Sleep disturbances are common in patients with chronic pain, and physicians need to help patients with various measures to improve sleep hygiene or prescribe a tricyclic antidepressant, which will help with underlying depression as well sleep disturbances, he added.

There are also many nonpharmacologic alternatives to long-term opioid use that are strongly supported by evidence.

Graded exercise is well established as a good treatment modality for chronic pain, as are cognitive-behavioral therapy (CBT), mindfulness-based stress reduction techniques, and various forms of meditation and yoga.

If patients who are currently receiving opioids are scheduled for an elective operation, they should resume their preoperative dose of opioids 6 weeks after surgery.

If they are not receiving opioids at the time of the procedure, patients should be off all opioids within 6 weeks.

And if patients are not improving on opioid therapy, “the ongoing risk from continued treatment outweighs the benefit,” Dr Franklin said.

“And opioids in these patients should be tapered to zero.”
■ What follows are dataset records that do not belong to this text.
(* Let $1 \le d \le n-1$ and set $c_j = \binom{n-1}{d}/\binom{n-1}{d-j}$ for $0 \le j \le d$. Then in $\mathbb{Q}[x_1,\dots,x_{n+d}]$, $$\binom{n}{d}\, x_1\cdots x_d = \sum_{j=0}^{d} (-1)^j c_j \sum_{\substack{J \subseteq \{1,\dots,n+d\},\ |J| = n\\ |J\cap\{1,\dots,d\}| = d-j}} e_n^d(x_J),$$ where $e_n^d(x_J)$ is the elementary symmetric polynomial of degree $d$ in the $n$ variables $x_i$, $i\in J$. Consequently the same identity holds over any field $K$ in which all $c_j$ are defined (e.g. $\mathrm{char}(K)=0$ or $\mathrm{char}(K)>n$). *)

theory Defs
  imports Main
begin

definition elem_sym :: "nat \<Rightarrow> (nat \<Rightarrow> 'a::comm_ring_1) \<Rightarrow> nat set \<Rightarrow> 'a" where
  "elem_sym k x J = (\<Sum>S\<in>{S. S \<subseteq> J \<and> card S = k}. \<Prod>i\<in>S. x i)"

end

theory Submission
  imports Defs
begin

text \<open>
  Both sides are expanded in the squarefree monomials \<open>x_S\<close>, \<open>|S| = d\<close>. The monomial \<open>x_S\<close>
  occurs in \<open>e_d(x_J)\<close> iff \<open>S \<subseteq> J\<close>, and if \<open>m = |S - {1..d}|\<close>, the number of admissible \<open>J\<close>
  with \<open>|J \<inter> {1..d}| = d - j\<close> is \<open>C(m, j) C(n - m, d - j)\<close>. For \<open>m = 0\<close> only \<open>j = 0\<close>
  contributes, giving \<open>C(n, d)\<close>. For \<open>m > 0\<close> the weight \<open>c_j C(n - m, d - j)\<close> is, up to a factor
  independent of \<open>j\<close>, the polynomial \<open>C(n - 1 - d + j, m - 1)\<close> of degree \<open>m - 1\<close> in \<open>j\<close>; its
  alternating sum against \<open>C(m, j)\<close> is an \<open>m\<close>-th finite difference and vanishes.
\<close>

lemma alternating_sum_choose_Suc:
  fixes g :: "nat \<Rightarrow> 'a::comm_ring_1"
  shows "(\<Sum>j\<le>Suc m. (-1)^j * of_nat (Suc m choose j) * g j)
       = (\<Sum>j\<le>m. (-1)^j * of_nat (m choose j) * (g j - g (Suc j)))"
proof -
  have "(\<Sum>j\<le>Suc m. (-1)^j * of_nat (Suc m choose j) * g j)
      = g 0 + (\<Sum>j\<le>m. (-1)^Suc j * of_nat (Suc m choose Suc j) * g (Suc j))"
    by (subst sum.atMost_Suc_shift) simp
  also have "\<dots> = g 0 + (\<Sum>j\<le>m. (-1)^Suc j * of_nat (m choose j) * g (Suc j))
      + (\<Sum>j\<le>m. (-1)^Suc j * of_nat (m choose Suc j) * g (Suc j))"
    by (simp only: add.assoc flip: sum.distrib) (simp add: algebra_simps)
  also have "(\<Sum>j\<le>m. (-1)^Suc j * of_nat (m choose Suc j) * g (Suc j))
      = (\<Sum>j\<le>Suc m. (-1)^j * of_nat (m choose j) * g j) - g 0"
    by (subst sum.atMost_Suc_shift) simp
  also have "(\<Sum>j\<le>Suc m. (-1)^j * of_nat (m choose j) * g j) = (\<Sum>j\<le>m. (-1)^j * of_nat (m choose j) * g j)"
    by (simp add: binomial_eq_0)
  finally show ?thesis
    by (simp add: sum_subtractf sum_negf algebra_simps)
qed

lemma alternating_sum_choose_shift_eq_0:
  assumes "r < m"
  shows "(\<Sum>j\<le>m. (-1)^j * of_nat (m choose j) * of_nat ((c + j) choose r)) = (0::'a::comm_ring_1)"
  using assms
proof (induction m arbitrary: c r)
  case 0 then show ?case by simp
next
  case (Suc m)
  show ?case
  proof (cases r)
    case 0
    then show ?thesis using choose_alternating_sum[of "Suc m", where 'a='a] by simp
  next
    case (Suc r')
    with Suc.prems have r': "r' < m" by simp
    have "(\<Sum>j\<le>Suc m. (-1)^j * of_nat (Suc m choose j) * (of_nat ((c + j) choose r) :: 'a))
       = (\<Sum>j\<le>m. (-1)^j * of_nat (m choose j) * (of_nat ((c + j) choose r) - of_nat ((c + Suc j) choose r)))"
      by (rule alternating_sum_choose_Suc)
    also have "\<dots> = - (\<Sum>j\<le>m. (-1)^j * of_nat (m choose j) * of_nat ((c + j) choose r'))"
      \<comment> \<open>Pascal's rule: \<open>C(c + j + 1, r' + 1) - C(c + j, r' + 1) = C(c + j, r')\<close>\<close>
      by (simp add: Suc sum_negf[symmetric] algebra_simps)
    also have "\<dots> = 0" using Suc.IH[OF r'] by simp
    finally show ?thesis .
  qed
qed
The new guidelines indicate that when tapering opioids, the dose should be reduced by 10% a week, with or without accompanying CBT, inpatient detoxification, or treatment in a pain clinic.

“These patients are losing their lives in our system, and we need to do everything possible to reverse this epidemic and saves lives,” Dr Franklin said.

“And I am glad to say our efforts are paying off, as we have seen a 30% sustained decline in death from overdose in Washington State and a dramatic decline in the proportion of injured workers on chronic opioids as well.”